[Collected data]
□ □ □ □

lemma card_sensitive_blocks_le:
  assumes "sensitive_blocks N f x BB"
  shows "card BB \<le> N"
proof -
  have "{B\<in>BB. B \<inter> {..<N} \<noteq> {}} = BB"
    using assms unfolding sensitive_blocks_def by blast
  then show ?thesis
    using card_blocks_meeting_le[of BB "{..<N}"] assms unfolding sensitive_blocks_def by simp
qed

definition bs :: "nat \<Rightarrow> (bool list \<Rightarrow> bool) \<Rightarrow> nat" where
  "bs N f = Max {card BB | x BB. x \<in> cube N \<and> sensitive_blocks N f x BB}"

lemma finite_block_counts: "finite {card BB | x BB. x \<in> cube N \<and> sensitive_blocks N f x BB}"
  by (rule finite_subset[of _ "{..N}"]) (auto dest: card_sensitive_blocks_le)

lemma card_le_bs: "x \<in> cube N \<Longrightarrow> sensitive_blocks N f x BB \<Longrightarrow> card BB \<le> bs N f"
  unfolding bs_def by (rule Max_ge[OF finite_block_counts]) blast

lemma bs_attained: obtains x BB where "x \<in> cube N" "sensitive_blocks N f x BB" "card BB = bs N f"
proof -
  have "sensitive_blocks N f (replicate N False) {}"
    by (simp add: sensitive_blocks_def)
  then have "{card BB | x BB. x \<in> cube N \<and> sensitive_blocks N f x BB} \<noteq> {}"
    using replicate_in_cube by blast
  from Max_in[OF finite_block_counts this] obtain x BB
    where "bs N f = card BB" "x \<in> cube N" "sensitive_blocks N f x BB"
    unfolding bs_def by blast
  then show thesis
    using that by simp
qed

lemma bs_pos:
  assumes "x \<in> cube N" "y \<in> cube N" "f x \<noteq> f y"
  shows "0 < bs N f"
proof -
  let ?D = "{i. i < N \<and> x!i \<noteq> y!i}"
  have flipD: "flip ?D x = y"
    using flip_disagreements[OF assms(1,2)] .
  have "?D \<noteq> {}"
  proof
    assume "?D = {}"
    with flipD assms(3) show False
      by (metis flip_empty)
  qed
  with flipD assms(3) have "sensitive_blocks N f x {?D}"
    unfolding sensitive_blocks_def by auto
  then have "card {?D} \<le> bs N f"
    by (rule card_le_bs[OF assms(1)])
  then show ?thesis
    by simp
qed

section \<open>Certificates\<close>

definition certificate :: "nat \<Rightarrow> (bool list \<Rightarrow> bool) \<Rightarrow> bool list \<Rightarrow> nat set \<Rightarrow> bool" where
  "certificate N f y K \<longleftrightarrow> K \<subseteq> {..<N} \<and> (\<forall>x\<in>cube N. (\<forall>i\<in>K. x!i = y!i) \<longrightarrow> f x = f y)"

definition minimal_sensitive_block :: "(bool list \<Rightarrow> bool) \<Rightarrow> bool list \<Rightarrow> nat set \<Rightarrow> bool" where
  "minimal_sensitive_block f y B \<longleftrightarrow>
     B \<noteq> {} \<and> f (flip B y) \<noteq> f y \<and> (\<forall>C. C \<subset> B \<longrightarrow> f (flip C y) = f y)"

lemma minimal_sensitive_block_exists:
  assumes "finite B" "f (flip B y) \<noteq> f y"
  obtains M where "M \<subseteq> B" "minimal_sensitive_block f y M"
proof -
  obtain M where M: "M \<subseteq> B" "f (flip M y) \<noteq> f y"
    and least: "\<And>C. C \<subseteq> B \<Longrightarrow> f (flip C y) \<noteq> f y \<Longrightarrow> card M \<le> card C"
    using ex_has_least_nat[of "\<lambda>C. C \<subseteq> B \<and> f (flip C y) \<noteq> f y" B card] assms(2) by blast
  have "finite M"
    using M(1) assms(1) finite_subset by blast
  have "f (flip C y) = f y" if "C \<subset> M" for C
  proof (rule ccontr)
    assume "f (flip C y) \<noteq> f y"
    with that M(1) have "card M \<le> card C"
      by (intro least) auto
    moreover have "card C < card M"
      using \<open>finite M\<close> that by (rule psubset_card_mono)
    ultimately show False
      by simp
  qed
  moreover have "M \<noteq> {}"
    using M(2) by auto
  ultimately show thesis
    using that M unfolding minimal_sensitive_block_def by blast
qed
lemma sum_sum_delta:
  fixes v :: "'a \<Rightarrow> 'b \<Rightarrow> 'c::comm_monoid_add"
  assumes "finite A" "finite B"
  shows "(\<Sum>a\<in>A. \<Sum>b\<in>B. if a = a0 then if b = b0 then v a b else 0 else 0) =
    (if a0 \<in> A \<and> b0 \<in> B then v a0 b0 else 0)"
proof -
  have "(\<Sum>a\<in>A. \<Sum>b\<in>B. if a = a0 then if b = b0 then v a b else 0 else 0) =
      (\<Sum>a\<in>A. if a = a0 then (\<Sum>b\<in>B. if b = b0 then v a b else 0) else 0)"
    by (intro sum.cong) auto
  with assms show ?thesis by simp
qed

lemma Omult_scaled_ubasis:
  assumes "x \<in> Zn (p + q)" "y \<in> Zn (p + q)"
  shows "Omult p q (\<lambda>z. c * ubasis x z) (\<lambda>z. d * ubasis y z) =
    (\<lambda>z. if z = zadd x y then (-1) ^ twist p q x y * c * d else 0)"
proof
  fix z
  have "Omult p q (\<lambda>z. c * ubasis x z) (\<lambda>z. d * ubasis y z) z =
      (\<Sum>x'\<in>Zn (p + q). \<Sum>y'\<in>Zn (p + q). if x' = x then if y' = y then
        (if zadd x y = z then (-1) ^ twist p q x y * c * d else 0) else 0 else 0)"
    unfolding Omult_def ubasis_def by (intro sum.cong refl) auto
  then show "Omult p q (\<lambda>z. c * ubasis x z) (\<lambda>z. d * ubasis y z) z =
      (if z = zadd x y then (-1) ^ twist p q x y * c * d else 0)"
    using assms by (simp add: sum_sum_delta finite_Zn)
qed

lemma Omult_unit_left:
  assumes "a \<in> Ocarrier p q"
  shows "Omult p q (ubasis zero_grade) a = a"
proof
  fix z
  have "Omult p q (ubasis zero_grade) a z =
      (\<Sum>x\<in>Zn (p + q). \<Sum>y\<in>Zn (p + q). if x = zero_grade then if y = z then a y else 0 else 0)"
    unfolding Omult_def ubasis_def
    by (intro sum.cong refl)
      (auto simp: twist_zero_grade_left[unfolded zero_grade_def] zadd_def zero_grade_def)
  with assms show "Omult p q (ubasis zero_grade) a z = a z"
    by (simp add: sum_sum_delta finite_Zn zero_grade_in_Zn Ocarrier_def)
qed

lemma Omult_unit_right:
  assumes "a \<in> Ocarrier p q"
  shows "Omult p q a (ubasis zero_grade) = a"
proof
  fix z
  have "Omult p q a (ubasis zero_grade) z =
      (\<Sum>x\<in>Zn (p + q). \<Sum>y\<in>Zn (p + q). if x = z then if y = zero_grade then a x else 0 else 0)"
    unfolding Omult_def ubasis_def
    by (intro sum.cong refl)
      (auto simp: twist_zero_grade_right[unfolded zero_grade_def] zadd_def zero_grade_def)
  with assms show "Omult p q a (ubasis zero_grade) z = a z"
    by (simp add: sum_sum_delta finite_Zn zero_grade_in_Zn Ocarrier_def)
qed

□ □ □ □

§ **Instructions to follow**
A verbatim copy of all the entries above is requested.

§ **Task solution**
lemma card_sensitive_blocks_le:
  assumes "sensitive_blocks N f x BB"
  shows "card BB \<le> N"
proof -
  have "{B\<in>BB. B \<inter> {..<N} \<noteq> {}} = BB"
    using assms unfolding sensitive_blocks_def by blast
  then show ?thesis
    using card_blocks_meeting_le[of BB "{..<N}"] assms unfolding sensitive_blocks_def by simp
qed

definition bs :: "nat \<Rightarrow> (bool list \<Rightarrow> bool) \<Rightarrow> nat" where
  "bs N f = Max {card BB | x BB. x \<in> cube N \<and> sensitive_blocks N f x BB}"

lemma finite_block_counts: "finite {card BB | x BB. x \<in> cube N \<and> sensitive_blocks N f x BB}"
  by (rule finite_subset[of _ "{..N}"]) (auto dest: card_sensitive_blocks_le)

lemma card_le_bs: "x \<in> cube N \<Longrightarrow> sensitive_blocks N f x BB \<Longrightarrow> card BB \<le> bs N f"
  unfolding bs_def by (rule Max_ge[OF finite_block_counts]) blast

lemma bs_attained: obtains x BB where "x \<in> cube N" "sensitive_blocks N f x BB" "card BB = bs N f"
proof -
  have "sensitive_blocks N f (replicate N False) {}"
    by (simp add: sensitive_blocks_def)
  then have "{card BB | x BB. x \<in> cube N \<and> sensitive_blocks N f x BB} \<noteq> {}"
    using replicate_in_cube by blast
  from Max_in[OF finite_block_counts this] obtain x BB
    where "bs N f = card BB" "x \<in> cube N" "sensitive_blocks N f x BB"
    unfolding bs_def by blast
  then show thesis
    using that by simp
qed

lemma bs_pos:
  assumes "x \<in> cube N" "y \<in> cube N" "f x \<noteq> f y"
  shows "0 < bs N f"
proof -
  let ?D = "{i. i < N \<and> x!i \<noteq> y!i}"
  have flipD: "flip ?D x = y"
    using flip_disagreements[OF assms(1,2)] .
  have "?D \<noteq> {}"
  proof
    assume "?D = {}"
    with flipD assms(3) show False
      by (metis flip_empty)
  qed
  with flipD assms(3) have "sensitive_blocks N f x {?D}"
    unfolding sensitive_blocks_def by auto
  then have "card {?D} \<le> bs N f"
    by (rule card_le_bs[OF assms(1)])
  then show ?thesis
    by simp
qed

section \<open>Certificates\<close>

definition certificate :: "nat \<Rightarrow> (bool list \<Rightarrow> bool) \<Rightarrow> bool list \<Rightarrow> nat set \<Rightarrow> bool" where
  "certificate N f y K \<longleftrightarrow> K \<subseteq> {..<N} \<and> (\<forall>x\<in>cube N. (\<forall>i\<in>K. x!i = y!i) \<longrightarrow> f x = f y)"

definition minimal_sensitive_block :: "(bool list \<Rightarrow> bool) \<Rightarrow> bool list \<Rightarrow> nat set \<Rightarrow> bool" where
  "minimal_sensitive_block f y B \<longleftrightarrow>
     B \<noteq> {} \<and> f (flip B y) \<noteq> f y \<and> (\<forall>C. C \<subset> B \<longrightarrow> f (flip C y) = f y)"

lemma minimal_sensitive_block_exists:
  assumes "finite B" "f (flip B y) \<noteq> f y"
  obtains M where "M \<subseteq> B" "minimal_sensitive_block f y M"
proof -
  obtain M where M: "M \<subseteq> B" "f (flip M y) \<noteq> f y"
    and least: "\<And>C. C \<subseteq> B \<Longrightarrow> f (flip C y) \<noteq> f y \<Longrightarrow> card M \<le> card C"
    using ex_has_least_nat[of "\<lambda>C. C \<subseteq> B \<and> f (flip C y) \<noteq> f y" B card] assms(2) by blast
  have "finite M"
    using M(1) assms(1) finite_subset by blast
  have "f (flip C y) = f y" if "C \<subset> M" for C
  proof (rule ccontr)
    assume "f (flip C y) \<noteq> f y"
    with that M(1) have "card M \<le> card C"
      by (intro least) auto
    moreover have "card C < card M"
      using \<open>finite M\<close> that by (rule psubset_card_mono)
    ultimately show False
      by simp
  qed
  moreover have "M \<noteq> {}"
    using M(2) by auto
  ultimately show thesis
    using that M unfolding minimal_sensitive_block_def by blast
qed
lemma sum_sum_delta:
  fixes v :: "'a \<Rightarrow> 'b \<Rightarrow> 'c::comm_monoid_add"
  assumes "finite A" "finite B"
  shows "(\<Sum>a\<in>A. \<Sum>b\<in>B. if a = a0 then if b = b0 then v a b else 0 else 0) =
    (if a0 \<in> A \<and> b0 \<in> B then v a0 b0 else 0)"
proof -
  have "(\<Sum>a\<in>A. \<Sum>b\<in>B. if a = a0 then if b = b0 then v a b else 0 else 0) =
      (\<Sum>a\<in>A. if a = a0 then (\<Sum>b\<in>B. if b = b0 then v a b else 0) else 0)"
    by (intro sum.cong) auto
  with assms show ?thesis by simp
qed

lemma Omult_scaled_ubasis:
  assumes "x \<in> Zn (p + q)" "y \<in> Zn (p + q)"
  shows "Omult p q (\<lambda>z. c * ubasis x z) (\<lambda>z. d * ubasis y z) =
    (\<lambda>z. if z = zadd x y then (-1) ^ twist p q x y * c * d else 0)"
proof
  fix z
  have "Omult p q (\<lambda>z. c * ubasis x z) (\<lambda>z. d * ubasis y z) z =
      (\<Sum>x'\<in>Zn (p + q). \<Sum>y'\<in>Zn (p + q). if x' = x then if y' = y then
        (if zadd x y = z then (-1) ^ twist p q x y * c * d else 0) else 0 else 0)"
    unfolding Omult_def ubasis_def by (intro sum.cong refl) auto
  then show "Omult p q (\<lambda>z. c * ubasis x z) (\<lambda>z. d * ubasis y z) z =
      (if z = zadd x y then (-1) ^ twist p q x y * c * d else 0)"
    using assms by (simp add: sum_sum_delta finite_Zn)
qed

lemma Omult_unit_left:
  assumes "a \<in> Ocarrier p q"
  shows "Omult p q (ubasis zero_grade) a = a"
proof
  fix z
  have "Omult p q (ubasis zero_grade) a z =
      (\<Sum>x\<in>Zn (p + q). \<Sum>y\<in>Zn (p + q). if x = zero_grade then if y = z then a y else 0 else 0)"
    unfolding Omult_def ubasis_def
    by (intro sum.cong refl)
      (auto simp: twist_zero_grade_left[unfolded zero_grade_def] zadd_def zero_grade_def)
  with assms show "Omult p q (ubasis zero_grade) a z = a z"
    by (simp add: sum_sum_delta finite_Zn zero_grade_in_Zn Ocarrier_def)
qed

lemma Omult_unit_right:
  assumes "a \<in> Ocarrier p q"
  shows "Omult p q a (ubasis zero_grade) = a"
proof
  fix z
  have "Omult p q a (ubasis zero_grade) z =
      (\<Sum>x\<in>Zn (p + q). \<Sum>y\<in>Zn (p + q). if x = z then if y = zero_grade then a x else 0 else 0)"
    unfolding Omult_def ubasis_def
    by (intro sum.cong refl)
      (auto simp: twist_zero_grade_right[unfolded zero_grade_def] zadd_def zero_grade_def)
  with assms show "Omult p q a (ubasis zero_grade) z = a z"
    by (simp add: sum_sum_delta finite_Zn zero_grade_in_Zn Ocarrier_def)
qed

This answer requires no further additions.